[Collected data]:
———

(* If $A=(A_n)_{n=0}^\infty$ is an Appell sequence and $\lambda$ is an integer partition, then \[ \varphi_A(s_\lambda) = \frac{A_\lambda}{H(\lambda)} = \frac{F_\lambda A_\lambda}{\lvert \lambda \rvert!}. \]
   Context: An Appell sequence is a sequence of polynomials $(A_n)_{n\ge0}$ with $A_0=1$ and $A_n'=nA_{n-1}$ for $n\ge1$. For a partition $\lambda=(\lambda_1\ge\dots\ge\lambda_r>0)$ of length $r$, let $(n_1,\dots,n_r)=(\lambda_r,\lambda_{r-1}+1,\dots,\lambda_1+r-1)$ and define the Wronskian Appell polynomial $A_\lambda=\operatorname{Wr}[A_{n_1},\dots,A_{n_r}]/\Delta(n_1,\dots,n_r)$, where $\operatorname{Wr}$ is the Wronskian determinant and $\Delta(x_1,\dots,x_r)=\prod_{i<j}(x_j-x_i)$ is the Vandermonde determinant ($A_\emptyset=1$). $\Lambda$ is the ring of symmetric functions, $h_m$ the complete homogeneous symmetric functions, $s_\lambda$ the Schur functions, and $\varphi_A:\Lambda\to\mathbb{R}[x]$ is the ring homomorphism defined by $\varphi_A(h_m)=A_m/m!$ for $m\ge1$. $H(\lambda)$ is the product of the hook lengths of $\lambda$ and $F_\lambda$ is the number of standard Young tableaux of shape $\lambda$; $|\lambda|$ is the size of $\lambda$. *)

theory Defs
  imports "HOL-Computational_Algebra.Polynomial" "Jordan_Normal_Form.Determinant"
begin

definition appell :: "(nat \<Rightarrow> real poly) \<Rightarrow> bool" where
  "appell A \<longleftrightarrow> A 0 = 1 \<and> (\<forall>n\<ge>1. pderiv (A n) = smult (real n) (A (n - 1)))"

definition partition :: "nat list \<Rightarrow> bool" where
  "partition lam \<longleftrightarrow> sorted_wrt (\<ge>) lam \<and> (\<forall>x\<in>set lam. 0 < x)"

———

[EXERCISE GOAL]: What is the number of lines in the records that hold the word "longleftrightarrow"? Answer with that number by itself.

[YOUR SOLUTION]: 2